Watson started feeling worse shortly after the team transporting her took off in the Caribou-based aircraft. At approximately 11 p.m. on Christmas Eve, she went into cardiac arrest and lost consciousness.
“We were six minutes out of Bangor when she went unconscious and was technically dead,” said Spooner. “We defibrillated her and gave her medications and got her conscious again.”
The crew called ahead to the hospital to have a team waiting when they arrived.
Watson has a difficult time remembering her flight. Mostly, she recalls the medical staff wrapping her in a flight blanket and putting her on a stretcher prior to placing her in the plane, but she also remembers that she was never alone.
“I remember seeing a nurse sitting beside me, asking me if I was OK. DJ [Spooner] was very attentive. I remember him asking how I was feeling, if I was comfortable, if there was anything I needed,” she said. Doctors at EMMC treated Watson for 100 percent blockages in her heart. They performed surgery in their cath lab.
“The next thing I remember was waking up in cardiac ICU, and my husband walked into the room,” said Watson. It’s difficult to say how things may have been different had transportation been unavailable or if a slower mode of transportation, such as an ambulance, had been the only option to take Watson to where cardiologists could assist her with the blockages that were stopping her heart from performing properly. But, in her opinion, the care she received made all the difference.

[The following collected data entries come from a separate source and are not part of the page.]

definition weak_grad :: "('a::euclidean_space \<Rightarrow> real) \<Rightarrow> ('a \<Rightarrow> 'a) \<Rightarrow> bool" where
  "weak_grad u g \<longleftrightarrow> u \<in> borel_measurable lborel \<and> g \<in> borel_measurable lborel \<and>
     (\<forall>r. set_integrable lborel (cball 0 r) u \<and> set_integrable lborel (cball 0 r) (\<lambda>x. norm (g x))) \<and>
     (\<forall>\<phi> i. test_fun \<phi> \<longrightarrow> i \<in> Basis \<longrightarrow>
        (\<integral>x. u x * frechet_derivative \<phi> (at x) i \<partial>lborel) = - (\<integral>x. (g x \<bullet> i) * \<phi> x \<partial>lborel))"

definition lp_mem :: "('a::euclidean_space \<Rightarrow> real) \<Rightarrow> ('a \<Rightarrow> real) \<Rightarrow> bool" where
  "lp_mem h u \<longleftrightarrow> u \<in> borel_measurable lborel \<and>
     (\<integral>\<^sup>+ x. ennreal (\<bar>u x\<bar> powr h x) \<partial>lborel) < \<infinity>"

definition sobW :: "('a::euclidean_space \<Rightarrow> real) \<Rightarrow> ('a \<Rightarrow> real) set" where
  "sobW p = {u. lp_mem p u \<and> (\<exists>g. weak_grad u g \<and> lp_mem p (\<lambda>x. norm (g x)))}"

definition grad :: "('a::euclidean_space \<Rightarrow> real) \<Rightarrow> ('a \<Rightarrow> real) \<Rightarrow> ('a \<Rightarrow> 'a)" where
  "grad p u = (SOME g. weak_grad u g \<and> lp_mem p (\<lambda>x. norm (g x)))"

“If it wasn’t for Crown CCT, I would not be alive today. My heart stopped in the plane, and my nurse, DJ Spooner, defibrillated my heart and brought me back to life,” she said. “We live in a rural area and we have limited access to the technology that is available elsewhere. Crown Critical Care Transport helps people in emergency situations receive care that is not available to us in the time frame that it is needed.”

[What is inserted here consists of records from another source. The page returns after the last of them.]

(* Let $N=\ker\psi\subseteq G_3$. Then $\beta(N)\supseteq A_{12}$, the alternating group on the twelve edge positions.
   Context: The $3\times3\times3$ Rubik's cube consists of 8 corner cubelets (3 stickers each), 12 edge cubelets (2 stickers each) and 6 face-center cubelets. $G_3$ is the group of permutations of the 48 corner and edge stickers generated by the six moves $u_3,d_3,f_3,b_3,l_3,r_3$ rotating respectively the top, bottom, front, back, left, right layer of nine cubelets by $90^\circ$ clockwise as seen from outside facing that face. $G_2$ is the analogous group for the $2\times2\times2$ cube (8 corner cubelets, 24 stickers) with generators $u_2,\dots,r_2$, and $\psi:G_3\to G_2$ is the homomorphism with $u_3\mapsto u_2$, $d_3\mapsto d_2$, etc. (it records the action on corner stickers). $\beta:G_3\to S_{12}$ records the permutation of the 12 edge positions. *)

theory Defs
  imports Main "HOL-Combinatorics.Permutations"
begin

text \<open>Cubelet positions are integer vectors in
{-1,0,1}^3 (x = right, y = up, z = front). A sticker is a pair (position, outward
normal of the face of the cubelet carrying it), the normal being a signed unit
axis vector.\<close>

type_synonym vec = "int \<times> int \<times> int"
type_synonym sticker = "vec \<times> vec"

fun dot :: "vec \<Rightarrow> vec \<Rightarrow> int" where
  "dot (a1, a2, a3) (b1, b2, b3) = a1 * b1 + a2 * b2 + a3 * b3"

fun cross :: "vec \<Rightarrow> vec \<Rightarrow> vec" where
  "cross (a1, a2, a3) (b1, b2, b3) = (a2 * b3 - a3 * b2, a3 * b1 - a1 * b3, a1 * b2 - a2 * b1)"

fun scale :: "int \<Rightarrow> vec \<Rightarrow> vec" where
  "scale c (a1, a2, a3) = (c * a1, c * a2, c * a3)"

fun vadd :: "vec \<Rightarrow> vec \<Rightarrow> vec" where
  "vadd (a1, a2, a3) (b1, b2, b3) = (a1 + b1, a2 + b2, a3 + b3)"

fun nz :: "vec \<Rightarrow> nat" where
  "nz (a1, a2, a3) = (if a1 \<noteq> 0 then 1 else 0) + (if a2 \<noteq> 0 then 1 else 0) + (if a3 \<noteq> 0 then 1 else 0)"

definition Pos :: "vec set" where
  "Pos = {(x, y, z). x \<in> {-1, 0, 1} \<and> y \<in> {-1, 0, 1} \<and> z \<in> {-1, 0, 1}}"

definition Axes :: "vec set" where
  "Axes = {(1,0,0), (-1,0,0), (0,1,0), (0,-1,0), (0,0,1), (0,0,-1)}"

text \<open>Corner stickers (24) and edge stickers (24): the face normal points in the
direction of a nonzero coordinate of the cubelet position.\<close>
definition CornerStickers :: "sticker set" where
  "CornerStickers = {(p, d). p \<in> Pos \<and> nz p = 3 \<and> d \<in> Axes \<and> dot p d = 1}"

definition EdgeStickers :: "sticker set" where
  "EdgeStickers = {(p, d). p \<in> Pos \<and> nz p = 2 \<and> d \<in> Axes \<and> dot p d = 1}"

definition Stickers :: "sticker set" where
  "Stickers = CornerStickers \<union> EdgeStickers"

definition EdgePos :: "vec set" where
  "EdgePos = {p \<in> Pos. nz p = 2}"

text \<open>Rotation by 90 degrees clockwise as seen from outside, looking at the face with
outward normal n (i.e. by -90 degrees about n): v \<mapsto> (v.n) n + v \<times> n.\<close>
definition rot :: "vec \<Rightarrow> vec \<Rightarrow> vec" where
  "rot n v = vadd (scale (dot v n) n) (cross v n)"

definition turn :: "sticker set \<Rightarrow> vec \<Rightarrow> sticker \<Rightarrow> sticker" where
  "turn S n s = (if s \<in> S \<and> dot (fst s) n = 1 then (rot n (fst s), rot n (snd s)) else s)"

definition nU :: vec where "nU = (0, 1, 0)"
definition nD :: vec where "nD = (0, -1, 0)"
definition nF :: vec where "nF = (0, 0, 1)"
definition nB :: vec where "nB = (0, 0, -1)"
definition nL :: vec where "nL = (-1, 0, 0)"
definition nR :: vec where "nR = (1, 0, 0)"

inductive_set gen_group :: "('a \<Rightarrow> 'a) set \<Rightarrow> ('a \<Rightarrow> 'a) set" for gs where
  gen_id: "id \<in> gen_group gs"
| gen_mult: "g \<in> gen_group gs \<Longrightarrow> m \<in> gs \<Longrightarrow> m \<circ> g \<in> gen_group gs"
| gen_inv: "g \<in> gen_group gs \<Longrightarrow> m \<in> gs \<Longrightarrow> inv m \<circ> g \<in> gen_group gs"

definition u3 where "u3 = turn Stickers nU"
definition d3 where "d3 = turn Stickers nD"
definition f3 where "f3 = turn Stickers nF"
definition b3 where "b3 = turn Stickers nB"
definition l3 where "l3 = turn Stickers nL"
definition r3 where "r3 = turn Stickers nR"

definition G3 :: "(sticker \<Rightarrow> sticker) set" where
  "G3 = gen_group {u3, d3, f3, b3, l3, r3}"

text \<open>The 2x2x2 cube: its 24 stickers are identified with the corner stickers.\<close>
definition u2 where "u2 = turn CornerStickers nU"
definition d2 where "d2 = turn CornerStickers nD"
definition f2 where "f2 = turn CornerStickers nF"
definition b2 where "b2 = turn CornerStickers nB"
definition l2 where "l2 = turn CornerStickers nL"
definition r2 where "r2 = turn CornerStickers nR"

definition G2 :: "(sticker \<Rightarrow> sticker) set" where
  "G2 = gen_group {u2, d2, f2, b2, l2, r2}"

text \<open>psi : G3 \<rightarrow> G2 records the action on the corner stickers
(so psi u3 = u2, etc.).\<close>
definition psi :: "(sticker \<Rightarrow> sticker) \<Rightarrow> (sticker \<Rightarrow> sticker)" where
  "psi g = (\<lambda>s. if s \<in> CornerStickers then g s else s)"

text \<open>beta : G3 \<rightarrow> Sym(EdgePos) records the permutation of the 12 edge positions:
the edge cubelet at position p is sent to the position of the image of any of its
stickers.\<close>
definition beta :: "(sticker \<Rightarrow> sticker) \<Rightarrow> (vec \<Rightarrow> vec)" where
  "beta g = (\<lambda>p. if p \<in> EdgePos then fst (g (p, SOME d. (p, d) \<in> EdgeStickers)) else p)"

definition kerPsi :: "(sticker \<Rightarrow> sticker) set" where
  "kerPsi = {g \<in> G3. psi g = id}"

definition A12 :: "(vec \<Rightarrow> vec) set" where
  "A12 = {\<sigma>. \<sigma> permutes EdgePos \<and> evenperm \<sigma>}"

end

theory Submission
  imports Defs "HOL-Combinatorics.Cycles"
begin

text \<open>The kernel N of psi is normal in G3, so beta(N) is closed under conjugation by beta(G3).
The U-permutation R U' R U R U R U' R' U' R2 fixes every corner sticker and cycles the edges
UF -> UR -> UL, so beta(N) contains the 3-cycle (UF UR UL). Conjugating it by short move sequences
that fix UF and UR and carry UL to an arbitrary other edge k puts every 3-cycle (UF UR k) into
beta(N), and these 3-cycles generate the alternating group on the twelve edge positions.\<close>

section \<open>Even permutations from 3-cycles\<close>

lemma cycle3_rotate: "distinct [a, b, c] \<Longrightarrow> cycle_of_list [a, b, c] = cycle_of_list [b, c, a]"
  by (auto simp: fun_eq_iff transpose_def)

lemma cycle3_square:
  "distinct [a, b, c] \<Longrightarrow> cycle_of_list [a, c, b] = cycle_of_list [a, b, c] \<circ> cycle_of_list [a, b, c]"
  by (auto simp: fun_eq_iff transpose_def)

lemma cycle3_split:
  "distinct [a, b, c, d] \<Longrightarrow> cycle_of_list [a, b, c] = cycle_of_list [a, d, c] \<circ> cycle_of_list [a, b, d]"
  by (auto simp: fun_eq_iff transpose_def)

Spooner agrees. He says the service’s highly trained staff of registered nurses and National Registry paramedics “are on staff around the clock every day of the year to respond to hospitals in Aroostook County to stabilize and care for these critical patients and transport them to definitive care even if it is on Christmas Eve at 11 o’clock at night.”
“Without Crown CCT and the extensive training that we do, many people in The County would not have as good of outcomes as they do today. Bangor is two and a half hours from Presque Isle by ground, one hour and 20 minutes by air. Portland is four hours by ground and one hour and 45 minutes by air (bed to bed times). Crown CCT employees have regular scheduled trainings two days per month to maintain the high level of expertise that they have achieved,” said Spooner. As for Watson, recovery has been a long road, but she remains optimistic.

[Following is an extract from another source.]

(* Let $G=(N,E)$ be a finite graph and $r\ge 1$, $\varepsilon\ge 0$. Suppose $G$ is $(\varepsilon,r)$-amenable. Then there exists an action-symmetric leader equilibrium of the local-communication coordination game on $G$ with radius of communication $r$ whose expected inefficiency is at most $\varepsilon$.
   Context: Graph conventions: $N$ is a finite set of agents, $E\subseteq N\times N$ is a set of ordered pairs with $(i,j)\in E$ iff $(j,i)\in E$ and $(i,i)\notin E$. $N_i=\{j:(i,j)\in E\}$. $B_r(i)$ is the set of agents at graph distance at most $r$ from $i$. A set $C\subseteq N$ has radius at most $r$ if there is $i\in C$ with $C\subseteq B_r(i)$. $(\varepsilon,r)$-amenability: $G$ is $(\varepsilon,r)$-amenable if there is a partition of $N$ into connected sets of radius at most $r$ such that the number of pairs $(i,j)\in E$ with $i,j$ in different parts is at most $\varepsilon|E|$. The game: actions $A=\{-1,+1\}$; utility of agent $i$ under action profile $a$ is $u_i(a)=-\sum_{j\in N_i}|a_i-a_j|$. Let $\mathcal{A}$ be a finite alphabet containing the letters $-1,+1,\emptyset$, and the message space is $\mathcal{M}=\mathcal{A}^{\mathbb{N}}$; a letter $\alpha$ is identified with the message $(\alpha,\emptyset,\emptyset,\dots)$, and $\emptyset$ denotes the empty message. With radius of communication $r$: (1) each agent $i$ simultaneously sends a locally public message $m_i\in\mathcal{M}$, observed by all agents in $B_r(i)$, and a private message $\hat m_{i,j}\in\mathcal{M}$ to each $j\in B_r(i)$; (2) agent $i$ observes $(m_j)_{j\in B_r(i)}$ and $(\hat m_{j,i})_{j\in B_r(i)}$; (3) agent $i$ chooses $a_i\in A$. A pure strategy is $\sigma_i=(m_i,(\hat m_{i,j})_{j\in B_r(i)},o_i)$ where $o_i$ is a measurable map from received messages to $A$; mixed strategies are independent (across agents) random pure strategies. An equilibrium is a (mixed) Nash equilibrium of this game. The inefficiency of the realized action profile is $I=\frac{2}{|E|}\sum_{(i,j)\in E}\mathbf 1_{a_i\neq a_j}$; expected inefficiency is $\mathbb E[I]$. Action symmetry: negation on $\mathcal{A}$ swaps $-1$ and $+1$ and fixes all other letters; it is extended coordinatewise to messages and tuples of messages. For a map $f$ between such spaces, $\iota(f)(x)=-f(-x)$. For a pure strategy, $\iota(\sigma_i)=(-m_i,-\hat m_{i\to},\iota(o_i))$. A mixed strategy $\sigma_i$ is action-symmetric if $\sigma_i$ and $\iota(\sigma_i)$ have the same distribution; a profile is action-symmetric if every agent's strategy is. Leader equilibrium (private-message form): given a partition of $N$ into communities $C_1,C_2,\dots$ of radius at most $r$ and leaders $\ell_k\in C_k$ with $C_k\subseteq B_r(\ell_k)$: all public messages are empty; each leader $\ell_k$ draws one uniform message in $\{-1,+1\}$ and sends it privately to every member of $C_k$, sending empty private messages to all others; non-leaders send empty messages; each $i\in C_k$ takes $a_i=\hat m_{\ell_k,i}$ (messages not from one's leader or not in $\{-1,+1\}$ are ignored, and an agent who receives no message in $\{-1,+1\}$ from their leader chooses uniformly at random). A leader equilibrium is such a profile that is an equilibrium. *)

theory Defs
  imports "HOL-Probability.Probability" "HOL-Library.Disjoint_Sets"
begin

“My recovery has been one day at a time. I have good days and bad,” she said. “I returned to work in February 2013. TAMC Cardiac Rehab helped me tremendously. I still do not have the stamina I used to have, but I keep trying.”
This Christmas it might be hard to match the gift of life that Watson and her family received last year, but her husband will always be grateful for his wife’s health.
“Paul said it was the worst and best Christmas ever — worst because I had a heart attack and died, best because I was brought back to life and we could hold hands and be together on Christmas Day,” she said.